Noah’s cool with this, he’s secure. Caleb, despite not liking Grace all that much, is intensely jealous and resentful of the close relationship Isaac has with their mother. In a different life, that could have been him.

Isaac is mentally wounded from the war, some strain of PTSD. In the Army, he was a Ranger, and now he wants to explore the woods of the Land. He also isn’t that interested in the belief system, and in time that will come to the fore and get him in trouble. He’s using Briggs Land as a way to hide out from reality.



Daniel Zigler is a career agent, honest and dedicated, and what is first presented as a pretty bland task — sit on the Briggs situation while Jim’s deal is being negotiated — he manages to turn into something larger. It was his father who helped lock up Jim Briggs decades ago, and his father always felt there was more to the Briggs than met the eye. In a post-9/11 world, it’s relatively easy for Zigler to talk his bosses into giving him a few weeks to look into the family for any extremist activity. He jumps into it with gusto, liberating dozens of boxes of files from storage and relocating to the area.

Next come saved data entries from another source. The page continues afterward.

lemma quot_cycle_lift:
  assumes "cycle (quot_E V Ed s r H S) (quot_s s) (quot_r r) P"
  obtains p where "P = map Inl p" and "cycle Ed s r p" and "\<forall>e\<in>set p. r e \<notin> H"
proof -
  have P: "epath (quot_E V Ed s r H S) (quot_s s) (quot_r r) P"
    and closed: "quot_s s (hd P) = quot_r r (last P)"
    using assms by (simp_all add: cycle_def)
  have "P \<noteq> []"
    using P by (simp add: epath_def)
  then have "quot_s s (hd P) \<in> quot_s s ` set P"
    by simp
  then have "quot_r r (last P) \<in> quot_s s ` set P"
    using closed by simp
  then have "quot_r r ` set P \<subseteq> quot_s s ` set P"
    using epath_ranges[OF P] by (simp add: insert_absorb)
  then have "x \<in> range Inl" if "x \<in> set P" for x
    using that by (cases x) (auto simp: quot_s_def split: sum.splits)
  then obtain p where "P = map Inl p"
    using ex_map_conv[of P Inl] by blast
  with assms that show ?thesis
    by (simp add: quot_cycle_map_Inl)
qed

lemma quot_has_exit_map_Inl:
  assumes "g \<in> Ed" "s g \<in> pverts s r p" "g \<notin> set p" "r g \<notin> H"
  shows "has_exit (quot_E V Ed s r H S) (quot_s s) (quot_r r) (map Inl p)"
  unfolding has_exit_def quot_pverts_map_Inl
  using assms by (intro bexI[of _ "Inl (s g)"] bexI[of _ "Inl g"]) (auto simp: quot_E_def)
lemma phiK_in_classF:
  fixes K :: "('a::euclidean_space \<times> real) set"
  assumes K: "K \<in> classS"
  shows "phiK K \<in> classF"
proof -
  have C: "K \<in> classC"
    using K by (simp add: classS_def)
  have E: "epi (phiK K) = K"
    using K by (rule epi_phiK_classS)
  have ge: "1 \<le> phiK K x" for x
    unfolding phiK_def using classS_snd_ge_1[OF K] by (auto intro: INF_greatest)
  have "(0, 1) \<in> epi (phiK K)"
    using K E by (simp add: classS_def en_def)
  then have phi0: "phiK K 0 = 1"
    using ge[of 0] by (simp add: epi_def one_ereal_def)
  have "lsc (phiK K)"
    unfolding lsc_iff_closed_epi E using C by (rule classC_closed)
  moreover have "phiK K x \<noteq> -\<infinity>" for x
    using ge[of x] by auto
  then have "convex_fun (phiK K)"
    unfolding convex_fun_def E using classC_convex[OF C] by blast
  moreover have "-1 \<le> legendre (phiK K) y" for y
    unfolding legendre_def by (rule SUP_upper2[of 0]) (simp_all add: phi0 flip: zero_ereal_def)
  moreover have "legendre (phiK K) y \<le> 0" if "legendre (phiK K) y < \<infinity>" for y
    using that by (intro legendre_nonpos) (simp_all add: E classC_scaleR[OF C])
  ultimately show ?thesis
    using phi0 ge by (simp add: classF_def ldom_def)
qed

lemma classF_ge_1:
  assumes "\<phi> \<in> classF"
  shows "1 \<le> \<phi> x"
proof -
  have "\<phi> 0 = 1" "\<forall>x. \<phi> 0 \<le> \<phi> x"
    using assms unfolding classF_def by blast+
  then show ?thesis
    by simp
qed

lemma epi_in_classS:
  fixes \<phi> :: "'a::euclidean_space \<Rightarrow> ereal"
  assumes F: "\<phi> \<in> classF"
  shows "epi \<phi> \<in> classS"
proof -
  have ge: "\<And>x. 1 \<le> \<phi> x"
    using F by (rule classF_ge_1)
  have en: "en \<in> epi \<phi>"
    using F by (simp add: classF_def en_def epi_def)
  have "lsc \<phi>" "convex (epi \<phi>)"
    and "\<And>y. legendre \<phi> y < \<infinity> \<Longrightarrow> legendre \<phi> y \<le> 0"
    using F by (simp_all add: classF_def convex_fun_def ldom_def)
  then have "polarT (polarT (epi \<phi>)) = epi \<phi>"
    using en ge by (intro polarT_polarT_epi) auto
  then have "epi \<phi> \<in> classC"
    unfolding classC_def by (metis rangeI)
  moreover have "(0, 0) \<notin> epi \<phi>"
    using epi_snd_ge[OF ge, of 0 0] by auto
  moreover have "norm (en :: 'a \<times> real) \<le> norm k" if "k \<in> epi \<phi>" for k
  proof (cases k)
    case (Pair x t)
    then have "1 \<le> t"
      using epi_snd_ge[OF ge] that by (simp add: one_ereal_def)
    then show ?thesis
      using norm_snd_le[of t x] by (simp add: Pair en_def)
  qed
  ultimately show ?thesis
    using en by (auto simp: classS_def)
qed

theorem proposition5p3:
  shows "(\<forall>K\<in>(classS :: ('a::euclidean_space \<times> real) set set).
            epi (phiK K) = K \<and> polarT K = epi (Ttilde (phiK K)))
         \<and> bij_betw phiK (classS :: ('a::euclidean_space \<times> real) set set) classF"
proof (intro conjI ballI)
  fix K :: "('a \<times> real) set"
  assume K: "K \<in> classS"
  then show "epi (phiK K) = K"
    by (rule epi_phiK_classS)
  have F: "phiK K \<in> classF"
    using K by (rule phiK_in_classF)
  have "0 < phiK K x" for x
    by (rule order.strict_trans2[OF _ classF_ge_1[OF F]]) simp
  moreover have "phiK K 0 < \<infinity>"
    using F by (simp add: classF_def)
  ultimately show "polarT K = epi (Ttilde (phiK K))"
    using polarT_epi_eq_epi_Ttilde[of "phiK K"] epi_phiK_classS[OF K] by simp
next
  show "bij_betw phiK (classS :: ('a \<times> real) set set) classF"
    by (rule bij_betw_byWitness[where f' = epi])
      (simp_all add: epi_phiK_classS phiK_epi image_subset_iff phiK_in_classF epi_in_classS)
qed

end
(* In Algorithm 6 (described in the context), assume each function $h_{A_i}$ is non-increasing. Then the values $z_1,\dots,z_s$ obtained in its second round form an optimal solution of the minimax problem $$\min_{q_1,\dots,q_s}\ \max_{1\leq i\leq s}h_{A_i}(q_i)\quad\text{s.t.}\quad \sum_{i=1}^sq_i\leq 2z,\quad q_i\in\{0,1,\dots,z\}\ (i=1,\dots,s).$$
   Context: For $A=\{(x_1,y_1),\dots,(x_l,y_l)\}\subset\mathbb{R}^2$ with $x_1<\dots<x_l$, the piecewise function $h_A:[x_1,\infty)\to\mathbb{R}$ is $h_A(x)=y_i$ for $x_i\leq x<x_{i+1}$ ($x_{l+1}=\infty$). Pairs are compared lexicographically: $(a,b)\prec(a',b')$ iff $a<a'$, or $a=a'$ and $b<b'$. Let $z\geq1$ be an integer, $[z]=\{0,1,\dots,z\}$, and $\Gamma=\{2^r:1\leq r\leq\lfloor\log_2z\rfloor, r\in\mathbb{Z}\}\cup\{0,z\}$. In Algorithm 6 (a two-round distributed coreset construction for $k$-center clustering with $z$ outliers over $s$ sites), each site $i$ computes real numbers $\tilde r_{i,q}$ for $q\in\Gamma$ and sends $h_{A_i}$, where $A_i=\{(q,\tilde r_{i,q}):q\in\Gamma\}$. The server sorts the $s(z+1)$ pairs $(h_{A_i}(q),i)$, $i\in\{1,\dots,s\}$, $q\in[z]$, in lexicographically decreasing order and selects the $(2z+1)$-th largest pair $(h_{A_{i_0}}(q_0),i_0)$. Then for $i\neq i_0$, $z_i=\min\{q\in[z]:(h_{A_i}(q),i)\prec(h_{A_{i_0}}(q_0),i_0)\}$ (with $z_i=z$ if this set is empty), and $z_{i_0}=\min\{q\in\Gamma:h_{A_{i_0}}(q)=h_{A_{i_0}}(q_0)\}$. *)

theory Defs
  imports Complex_Main "HOL-Library.Product_Lexorder"
begin
lemma dv_prop: "a \<in> A \<Longrightarrow> b \<in> A \<Longrightarrow> dv b a \<in> A \<and> m (dv b a) a = b"
  unfolding dv_def rdiv_def by (rule theI'[OF unique_right_solution])

lemma dv_in [simp]: "a \<in> A \<Longrightarrow> b \<in> A \<Longrightarrow> dv b a \<in> A"
  using dv_prop by blast

lemma dv_mul [simp]: "a \<in> A \<Longrightarrow> b \<in> A \<Longrightarrow> m (dv b a) a = b"
  using dv_prop by blast

lemma dv_eq: "x \<in> A \<Longrightarrow> a \<in> A \<Longrightarrow> m x a = b \<Longrightarrow> dv b a = x"
  unfolding dv_def by (rule rdiv_eqI) (auto intro: right_cancel)

lemma dv_mul_cancel [simp]: "x \<in> A \<Longrightarrow> a \<in> A \<Longrightarrow> dv (m x a) a = x"
  by (rule dv_eq) auto

lemma dv_self [simp]: "a \<in> A \<Longrightarrow> dv a a = e"
  by (rule dv_eq) auto

lemma rdiv_pair:
  assumes "a1 \<in> A" "a2 \<in> A" "b1 \<in> A" "b2 \<in> A"
  shows "rdiv (A \<times> A) (pair_op m) (b1, b2) (a1, a2) = (dv b1 a1, dv b2 a2)"
proof (rule rdiv_eqI)
  fix y assume "y \<in> A \<times> A" "pair_op m y (a1, a2) = (b1, b2)"
  then show "y = (dv b1 a1, dv b2 a2)"
    using assms by (cases y) (auto simp: pair_op_def dv_eq)
qed (use assms in \<open>auto simp: pair_op_def\<close>)

lemma square_square_cancel:
  assumes "Y \<in> (A \<times> A) \<times> (A \<times> A)" "X \<in> (A \<times> A) \<times> (A \<times> A)" "a \<in> (A \<times> A) \<times> (A \<times> A)"
    and "pair_op (pair_op m) Y a = pair_op (pair_op m) X a"
  shows "Y = X"
proof -
  obtain y1 y2 y3 y4 x1 x2 x3 x4 a1 a2 a3 a4
    where "Y = ((y1, y2), (y3, y4))" "X = ((x1, x2), (x3, x4))" "a = ((a1, a2), (a3, a4))"
    by (metis prod.collapse)
  then show ?thesis
    using assms right_cancel[of y1 x1 a1] right_cancel[of y2 x2 a2] right_cancel[of y3 x3 a3]
      right_cancel[of y4 x4 a4]
    by (auto simp: pair_op_def)
qed


section \<open>The center of a right loop\<close>

text \<open>Central elements commute with everything and can be moved freely inside products;
  they form the center of the right loop (lemma \<open>loop_center_eq\<close> below).\<close>
definition central :: "'a set" where
  "central = {z \<in> A. \<forall>x\<in>A. \<forall>y\<in>A.
     m z x = m x z \<and> m (m x y) z = m x (m y z) \<and> m (m x z) y = m (m x y) z}"
(* Let $\tau$ be a state on the $Q$-MCR algebra $\mathbb A$ satisfying the continuity assumption in the context. Then: (i) The functionals $\mathbf S^{(m,n)}(\varphi_1\otimes g_1,\dots,\varphi_{m+n}\otimes g_{m+n}):=\tau\big(A^+(\varphi_1\otimes g_1)\cdots A^+(\varphi_m\otimes g_m)A^-(\varphi_{m+1}\otimes g_{m+1})\cdots A^-(\varphi_{m+n}\otimes g_{m+n})\big)$, for $m,n\ge0$, $m+n\ge1$, $\varphi_i\in C_0(Y;V)$, $g_i\in\mathcal G$, uniquely determine $\tau$. (ii) The functionals $\mathbf M^{(n)}(\varphi_1\otimes g_1,\dots,\varphi_n\otimes g_n):=\tau\big(B(\varphi_1\otimes g_1)\cdots B(\varphi_n\otimes g_n)\big)$, for $n\ge1$, $\varphi_i\in C_0(Y;V_{\mathbb R})$, $g_i\in\mathcal G$, uniquely determine $\tau$, where $V_{\mathbb R}:=\mathbb R^r\subset\mathbb C^r=V$. (Here "uniquely determine" means: two states satisfying the continuity assumption with the same functionals coincide.)
   Context: Setting: $d\ge2$, $X=\mathbb R^d\ni x=(y,z)$, $y\in Y:=\mathbb R$, $z\in Z:=\mathbb R^{d-1}$; $V=\mathbb C^r$, standard basis $e_i$, $J$ complex conjugation, $\langle u,v\rangle=(u,Jv)$. $Q:Y^2\to\mathcal L(V^{\otimes2})$ continuous, unitary-valued, $Q(y_1,y_2)^*=Q(y_2,y_1)$, satisfying the functional Yang–Baxter equation $Q_1(y_1,y_2)Q_2(y_1,y_3)Q_1(y_2,y_3)=Q_2(y_2,y_3)Q_1(y_1,y_3)Q_2(y_1,y_2)$ ($C_i$ = $C$ acting on factors $i,i+1$). $Q(x_1,x_2):=Q(y_1,y_2)$, $\mathbb S^{(n)}(v_1\otimes\cdots\otimes v_n)=Jv_n\otimes\cdots\otimes Jv_1$, $\widehat Q(x_1,x_2)=\mathbb S^{(2)}Q(x_2,x_1)\mathbb S^{(2)}$, $\langle\widetilde Q(x_1,x_2)e_i\otimes e_j,e_k\otimes e_l\rangle=\langle Q(x_1,x_2)e_k\otimes e_i,e_l\otimes e_j\rangle$, $\operatorname{Tr}(v)=\sum_k(v,e_k\otimes e_k)$, $\operatorname{Tr}_i$ on factors $i,i+1$. $\mathcal G=L^2(Z)$, $\mathfrak F^{(n)}$ = span of $\varphi(y_1..y_n)g_1(z_1)\cdots g_n(z_n)$, $\varphi\in C_0(Y^n;V^{\otimes n})$, $g_i\in\mathcal G$. $\mathbb A$ (the $Q$-MCR algebra) is the unital $*$-algebra spanned by $\mathbf 1$ and $\Phi(f^{(n)};\sharp_1..\sharp_n)$ ($f^{(n)}\in\mathfrak F^{(n)}$, linear in $f^{(n)}$), with product by tensoring kernels and concatenating signs, involution $\Phi(f;\sharp_1..\sharp_n)^*=\Phi(\mathbb S^{(n)}f(x_n..x_1);-\sharp_n..-\sharp_1)$, and relations: $\sharp_i=\sharp_{i+1}=+$: $\Phi(f;\sharp)=\Phi(Q_i(x_i,x_{i+1})f(..,x_{i+1},x_i,..);\sharp)$; $\sharp_i=\sharp_{i+1}=-$: same with $\widehat Q_i(x_i,x_{i+1})$; $\sharp_i=-,\sharp_{i+1}=+$: $\Phi(f;\sharp)=\Phi(\widetilde Q_i(x_{i+1},x_i)f(..,x_{i+1},x_i,..);\sharp\text{ with }\sharp_i,\sharp_{i+1}\text{ swapped})+\Phi(g;\sharp\text{ with }\sharp_i,\sharp_{i+1}\text{ removed})$, $g(x_1..x_{n-2})=\int_X\operatorname{Tr}_if(x_1,..,x_{i-1},x,x,x_i,..,x_{n-2})dx$. For $f\in\mathfrak F^{(1)}$: $A^\sharp(f):=\Phi(f;\sharp)$, $B(f):=A^+(f)+A^-(Jf)$; $(\varphi\otimes g)(x):=\varphi(y)g(z)$. A state is a linear $\tau:\mathbb A\to\mathbb C$ with $\tau(\mathbf 1)=1$, $\tau(a^*a)\ge0$. Continuity assumption: $C_0(Y^n;V^{\otimes n})$ carries the topology in which $f_k\to f$ iff all supports lie in a common compact set and convergence is uniform; for all signs $\sharp_1..\sharp_n$ and fixed $g_1..g_n\in\mathcal G$, the functional $\varphi\mapsto\tau\big(\Phi(\varphi(y_1..y_n)g_1(z_1)\cdots g_n(z_n);\sharp_1..\sharp_n)\big)$ is continuous on $C_0(Y^n;V^{\otimes n})$. *)

theory Defs
  imports "HOL-Analysis.Analysis"
begin

text \<open>Points x = (y,z) of X = Y \<times> Z with Y = real and Z a Euclidean space of
dimension d-1 \<ge> 1 (the type variable 'z).  A vector of V^{\<otimes>n}, V = C^r, is given by
its components, indexed by multi-indices (lists of length n with entries < r).
A kernel f : X^n \<rightarrow> V^{\<otimes>n} is a function of a list of n points and a multi-index.
A 2-site operator (element of L(V^{\<otimes>2})) is given by its matrix entries M i j k l,
i.e. (M v)_{ij} = sum_{k,l} M i j k l * v_{kl}.\<close>

type_synonym vec = "nat list \<Rightarrow> complex"
type_synonym op2 = "nat \<Rightarrow> nat \<Rightarrow> nat \<Rightarrow> nat \<Rightarrow> complex"
type_synonym 'z kernel = "(real \<times> 'z) list \<Rightarrow> vec"
type_synonym 'z mterm = "bool list \<times> 'z kernel"
  (* signs: True = +, False = - ; the term Phi(f; signs) *)

definition mi :: "nat \<Rightarrow> nat \<Rightarrow> nat list \<Rightarrow> bool" where
  "mi r n is \<longleftrightarrow> length is = n \<and> (\<forall>k\<in>set is. k < r)"

text \<open>C_0(Y^n; V^{\<otimes>n}) (continuous, compactly supported).  Continuity on R^n is
expressed through the coordinate map from the product space nat \<Rightarrow> real.\<close>
definition Cc :: "nat \<Rightarrow> nat \<Rightarrow> (real list \<Rightarrow> vec) \<Rightarrow> bool" where
  "Cc r n \<phi> \<longleftrightarrow> (\<forall>is. mi r n is \<longrightarrow>
      continuous_on UNIV (\<lambda>v::nat \<Rightarrow> real. \<phi> (map v [0..<n]) is) \<and>
      (\<exists>C. \<forall>ys. length ys = n \<longrightarrow> (\<exists>y\<in>set ys. C < \<bar>y\<bar>) \<longrightarrow> \<phi> ys is = 0))"

definition Cc1 :: "nat \<Rightarrow> (real \<Rightarrow> nat \<Rightarrow> complex) \<Rightarrow> bool" where
  "Cc1 r \<phi> \<longleftrightarrow> (\<forall>k<r. continuous_on UNIV (\<lambda>y. \<phi> y k) \<and>
      (\<exists>C. \<forall>y. C < \<bar>y\<bar> \<longrightarrow> \<phi> y k = 0))"

definition Cc1_real :: "nat \<Rightarrow> (real \<Rightarrow> nat \<Rightarrow> complex) \<Rightarrow> bool" where
  "Cc1_real r \<phi> \<longleftrightarrow> Cc1 r \<phi> \<and> (\<forall>y. \<forall>k<r. Im (\<phi> y k) = 0)"

text \<open>G = L^2(Z) (square integrable functions; classes are handled by the a.e.
invariance required of states below).\<close>
definition L2 :: "('z::euclidean_space \<Rightarrow> complex) \<Rightarrow> bool" where
  "L2 g \<longleftrightarrow> g \<in> borel_measurable lborel \<and> integrable lborel (\<lambda>z. (cmod (g z))\<^sup>2)"

definition prodker :: "(real list \<Rightarrow> vec) \<Rightarrow> ('z \<Rightarrow> complex) list \<Rightarrow> 'z kernel" where
  "prodker \<phi> gs = (\<lambda>xs is. \<phi> (map fst xs) is * (\<Prod>k<length gs. (gs ! k) (snd (xs ! k))))"

definition Fsp :: "nat \<Rightarrow> nat \<Rightarrow> ('z::euclidean_space) kernel set" where
  "Fsp r n = {f. \<exists>ps. (\<forall>p\<in>set ps. Cc r n (fst p) \<and> length (snd p) = n \<and> (\<forall>g\<in>set (snd p). L2 g))
                  \<and> f = (\<lambda>xs is. \<Sum>p\<leftarrow>ps. prodker (fst p) (snd p) xs is)}"

definition ker1 :: "(real \<Rightarrow> nat \<Rightarrow> complex) \<Rightarrow> ('z \<Rightarrow> complex) \<Rightarrow> 'z kernel" where
  "ker1 \<phi> g = (\<lambda>xs is. \<phi> (fst (xs ! 0)) (is ! 0) * g (snd (xs ! 0)))"

text \<open>Operator with entries M acting on sites i, i+1 (0-indexed) of V^{\<otimes>n}.\<close>
definition op_at :: "nat \<Rightarrow> nat \<Rightarrow> op2 \<Rightarrow> vec \<Rightarrow> vec" where
  "op_at r i M v = (\<lambda>is. \<Sum>k<r. \<Sum>l<r. M (is ! i) (is ! Suc i) k l * v (is[i := k, Suc i := l]))"

definition lswap :: "nat \<Rightarrow> 'a list \<Rightarrow> 'a list" where
  "lswap i xs = xs[i := xs ! Suc i, Suc i := xs ! i]"

text \<open>S^{(n)}(v_1 \<otimes> ... \<otimes> v_n) = J v_n \<otimes> ... \<otimes> J v_1\<close>
definition Sflip :: "vec \<Rightarrow> vec" where
  "Sflip v = (\<lambda>is. cnj (v (rev is)))"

As he learns more and more about Grace, and as Grace herself starts to make more and more noise as the new boss, Zigler’s professionalism starts to get sloppy. He blurs the line, he engages with Grace, and in time, even helps her out of tough spots.

Andrea Nolan, Zigler’s partner, only sees black and white in regards to Grace, as Zigler recognizes shades of gray. To her, the Briggs are straight up terrorists, and she starts to get more and more annoyed as Zigler breaks protocol.

Briggs Land #1 is due 8/17 from Dark Horse.